ICRPfinder: a fast pattern design algorithm for coding sequences and its application in finding potential restriction enzyme recognition sites
© Li et al; licensee BioMed Central Ltd. 2009
Received: 26 November 2008
Accepted: 11 September 2009
Published: 11 September 2009
Restriction enzymes can produce easily definable segments from DNA sequences by using a variety of cut patterns. There are, however, no software tools that can aid in gene building -- that is, modifying wild-type DNA sequences to express the same wild-type amino acid sequences but with enhanced codons, specific cut sites, unique post-translational modifications, and other engineered-in components for recombinant applications. A fast DNA pattern design algorithm, ICRPfinder, is provided in this paper and applied to find or create potential recognition sites in target coding sequences.
ICRPfinder is applied to find or create restriction enzyme recognition sites by introducing silent mutations. The algorithm is shown capable of mapping existing cut-sites but importantly it also can generate specified new unique cut-sites within a specified region that are guaranteed not to be present elsewhere in the DNA sequence.

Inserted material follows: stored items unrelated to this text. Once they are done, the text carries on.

(* Let $\alpha\in(0,1)$. The equation $1/\alpha+(1+1/\alpha)z-z^{2-\alpha/2}=0$ has a unique positive root $z=r^*=r^*(\alpha)$, and $$\mathrm{g}(x,y,\alpha):=\frac{2+2(1+\alpha)x-\alpha x^{2-\alpha/2}}{1+x}-\frac{\alpha y^{2-\alpha/2}}{1+y}>0\qquad\text{for all } 0\le x,y<r^*.$$ *)

theory Defs
  imports Complex_Main
begin

definition rstar_eq :: "real \<Rightarrow> real \<Rightarrow> real" where
  "rstar_eq \<alpha> z = 1/\<alpha> + (1 + 1/\<alpha>) * z - z powr (2 - \<alpha>/2)"

definition g :: "real \<Rightarrow> real \<Rightarrow> real \<Rightarrow> real" where
  "g x y \<alpha> = (2 + 2*(1+\<alpha>)*x - \<alpha> * x powr (2 - \<alpha>/2)) / (1 + x)
              - \<alpha> * y powr (2 - \<alpha>/2) / (1 + y)"

end

theory Submission
  imports Defs
begin

text \<open>
  Write \<open>p = 2 - \<alpha>/2\<close>. Since \<open>z powr p\<close> is convex and vanishes at \<open>0\<close>, on \<open>[0, r]\<close> it lies
  below its chord \<open>(z / r) * r powr p\<close>. If \<open>r\<close> is a positive root, the chord bound turns
  \<open>rstar_eq \<alpha> z\<close> into the linear function \<open>(1 - z/r) / \<alpha>\<close> from below, so \<open>rstar_eq \<alpha>\<close> is
  positive on \<open>[0, r)\<close>; this gives uniqueness of the root, and existence follows from the
  intermediate value theorem. For \<open>g\<close>, both fractions are compared with the value
  \<open>(1 + (1+\<alpha>) r) / (1 + r) = \<alpha> r powr p / (1 + r)\<close>: the subtracted one stays strictly
  below it because \<open>\<alpha> y powr p < 1 + (1+\<alpha>) y\<close> and \<open>t \<mapsto> (1 + (1+\<alpha>) t) / (1 + t)\<close> increases,
  and the chord bound makes the other one at least this value.
\<close>

lemma powr_le_chord:
  fixes x r p :: real
  assumes "0 \<le> x" "x \<le> r" "1 \<le> p"
  shows "x powr p \<le> x / r * r powr p"
proof (cases "r = 0")
  case False
  define t where "t = x / r"
  have t: "0 \<le> t" "t \<le> 1" and x: "x = t * r"
    using assms False by (auto simp: t_def)
  have "x powr p = t powr p * r powr p"
    using x t assms by (simp add: powr_mult)
  also have "\<dots> \<le> t powr 1 * r powr p"
    using t assms by (intro mult_right_mono powr_mono') auto
  also have "\<dots> = t * r powr p"
    using t by simp
  finally show ?thesis
    by (simp add: t_def)
qed (use assms in simp)

lemma rstar_eq_eq_0_iff:
  assumes "0 < a"
  shows "rstar_eq a r = 0 \<longleftrightarrow> a * r powr (2 - a/2) = 1 + (1 + a) * r"
  using assms unfolding rstar_eq_def by (auto simp: field_simps)

lemma rstar_eq_pos_iff:
  assumes "0 < a"
  shows "rstar_eq a y > 0 \<longleftrightarrow> a * y powr (2 - a/2) < 1 + (1 + a) * y"
  using assms unfolding rstar_eq_def by (auto simp: field_simps)

lemma rstar_eq_pos_below_root:
  assumes a: "0 < a" "a \<le> 2" and root: "rstar_eq a r = 0" and y: "0 \<le> y" "y < r"
  shows "rstar_eq a y > 0"
proof -
  have "a * y powr (2 - a/2) \<le> a * (y / r * r powr (2 - a/2))"
    using powr_le_chord[of y r "2 - a/2"] a y by (intro mult_left_mono) auto
  also have "\<dots> = y / r * (a * r powr (2 - a/2))"
    by simp
  also have "\<dots> = y / r * (1 + (1 + a) * r)"
    using root a by (simp add: rstar_eq_eq_0_iff)
  also have "\<dots> < 1 + (1 + a) * y"
    using a y by (simp add: field_simps)
  finally show ?thesis
    using a by (simp add: rstar_eq_pos_iff)
qed

lemma rstar_eq_root_unique:
  assumes "0 < a" "a \<le> 2" "0 < r" "0 < s" "rstar_eq a r = 0" "rstar_eq a s = 0"
  shows "r = s"
  using rstar_eq_pos_below_root[of a r s] rstar_eq_pos_below_root[of a s r] assms
  by (cases r s rule: linorder_cases) auto

lemma rstar_eq_has_root:
  assumes a: "0 < a" "a < 1"
  obtains r where "1 \<le> r" "rstar_eq a r = 0"
proof -
  define c where "c = 2 + 2/a"
  define M where "M = c\<^sup>2"
  have c: "1 \<le> c" and M: "1 \<le> M"
    using a by (auto simp: c_def M_def one_le_power)
  \<comment> \<open>\<open>M powr (3/2) = M * c\<close> already beats the linear part of \<open>rstar_eq a M\<close>.\<close>
  have "M * c = M powr 1 * M powr (1/2)"
    using c M by (simp add: M_def powr_half_sqrt)
  also have "\<dots> = M powr (3/2)"
    by (subst powr_add[symmetric]) simp
  also have "\<dots> \<le> M powr (2 - a/2)"
    using M a by (intro powr_mono) auto
  finally have "a * (M * c) \<le> a * M powr (2 - a/2)"
    using a by simp
  moreover have "a * (M * c) = 2 * M + 2 * (M * a)" and "0 \<le> M * a"
    using a M by (simp_all add: c_def algebra_simps)
  ultimately have "1 + (1 + a) * M \<le> a * M powr (2 - a/2)"
    using M by (simp add: algebra_simps)
  then have "rstar_eq a M \<le> 0"
    using a by (simp add: rstar_eq_def field_simps)
  moreover have "0 \<le> rstar_eq a 1"
    using a by (simp add: rstar_eq_def)
  moreover have "continuous_on {1..M} (rstar_eq a)"
    unfolding rstar_eq_def by (intro continuous_intros) auto
  ultimately obtain r where "r \<in> {1..M}" "rstar_eq a r = 0"
    using IVT2'[of "rstar_eq a" M 0 1] M by auto
  then show ?thesis
    using that by auto
qed

lemma g_subtrahend_less:
  assumes a: "0 < a" "a \<le> 2" and root: "rstar_eq a r = 0" and y: "0 \<le> y" "y < r"
  shows "a * y powr (2 - a/2) / (1 + y) < (1 + (1 + a) * r) / (1 + r)"
proof -
  have "a * y powr (2 - a/2) < 1 + (1 + a) * y"
    using rstar_eq_pos_below_root[OF a root y] a by (simp add: rstar_eq_pos_iff)
  then have "a * y powr (2 - a/2) / (1 + y) < (1 + (1 + a) * y) / (1 + y)"
    using y by (simp add: divide_strict_right_mono)
  also have "\<dots> \<le> (1 + (1 + a) * r) / (1 + r)"
    using a y by (simp add: divide_simps algebra_simps mult_left_mono)
  finally show ?thesis .
qed

lemma g_minuend_ge:
  assumes a: "0 < a" "a \<le> 1" and root: "rstar_eq a r = 0" and x: "0 \<le> x" "x \<le> r" and r: "0 < r"
  shows "(1 + (1 + a) * r) / (1 + r) \<le> (2 + 2 * (1 + a) * x - a * x powr (2 - a/2)) / (1 + x)"
proof -
  define t where "t = x / r"
  have t: "0 \<le> t" "t \<le> 1" and xt: "x = t * r"
    using x r by (auto simp: t_def)
  have "a * x powr (2 - a/2) \<le> a * (t * r powr (2 - a/2))"
    using powr_le_chord[of x r "2 - a/2"] a x by (intro mult_left_mono) (auto simp: t_def)
  also have "\<dots> = t * (a * r powr (2 - a/2))"
    by simp
  also have "\<dots> = t * (1 + (1 + a) * r)"
    using root a by (simp add: rstar_eq_eq_0_iff)
  finally have chord: "a * x powr (2 - a/2) \<le> t * (1 + (1 + a) * r)" .
  \<comment> \<open>After the chord bound both sides are linear in \<open>t\<close>, agree at \<open>t = 1\<close> and differ by
      \<open>(1 - t) (1 + (1 - a) r) \<ge> 0\<close>.\<close>
  have "(1 + (1 + a) * r) * (1 + x) + (1 - t) * (1 + (1 - a) * r)
        = (2 + 2 * (1 + a) * x - t * (1 + (1 + a) * r)) * (1 + r)"
    by (simp add: xt algebra_simps)
  moreover have "0 \<le> (1 - t) * (1 + (1 - a) * r)"
    using t a r by simp
  moreover have "(2 + 2 * (1 + a) * x - t * (1 + (1 + a) * r)) * (1 + r)
        \<le> (2 + 2 * (1 + a) * x - a * x powr (2 - a/2)) * (1 + r)"
    using chord r by (intro mult_right_mono) auto
  ultimately have "(1 + (1 + a) * r) * (1 + x)
        \<le> (2 + 2 * (1 + a) * x - a * x powr (2 - a/2)) * (1 + r)"
    by linarith
  then show ?thesis
    using x r by (simp add: divide_simps mult.commute)
qed

theorem lemma2p1:
  fixes \<alpha> :: real
  assumes "0 < \<alpha>" and "\<alpha> < 1"
  shows "(\<exists>!r. r > 0 \<and> rstar_eq \<alpha> r = 0) \<and>
         (\<forall>x y. 0 \<le> x \<and> x < (THE r. r > 0 \<and> rstar_eq \<alpha> r = 0) \<and>
                 0 \<le> y \<and> y < (THE r. r > 0 \<and> rstar_eq \<alpha> r = 0) \<longrightarrow> g x y \<alpha> > 0)"
proof -
  obtain r where r: "1 \<le> r" "rstar_eq \<alpha> r = 0"
    using rstar_eq_has_root assms by blast
  have unique: "\<exists>!r. r > 0 \<and> rstar_eq \<alpha> r = 0"
    using r rstar_eq_root_unique[of \<alpha>] assms by (intro ex1I[of _ r]) auto
  have the_root: "(THE r. r > 0 \<and> rstar_eq \<alpha> r = 0) = r"
    using unique r by (intro the1_equality) auto
  have "g x y \<alpha> > 0" if "0 \<le> x" "x < r" "0 \<le> y" "y < r" for x y
    using g_minuend_ge[of \<alpha> r x] g_subtrahend_less[of \<alpha> r y] that r assms
    unfolding g_def by force
  then show ?thesis
    using unique unfolding the_root by blast
qed

end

Restriction enzymes in genetic engineering
Restriction enzymes and methylase are components of a bacterial mechanism aimed at resisting attack from bacteriophages and removing foreign viral DNA sequences. A restriction enzyme cuts a DNA molecule and forms a sticky or blunt end at each side of the incision site without damaging the nitrogenous bases. A DNA ligase can then splice a cut end to that of another DNA molecule. Each restriction endonuclease is an enzyme that recognizes a specific DNA sequence and cuts the DNA molecule at a particular position in relation to the recognition sequence, producing a blunt or overhanging end, depending upon the enzyme chosen. While restriction enzymes typically recognize specific short DNA sequences, the genetic code is redundant, with most amino acids being represented by more than one codon. Therefore, with creative use of sequence modifications, and use of synonymous codons, one can create restriction sites without changing the precise amino acid sequence coded for.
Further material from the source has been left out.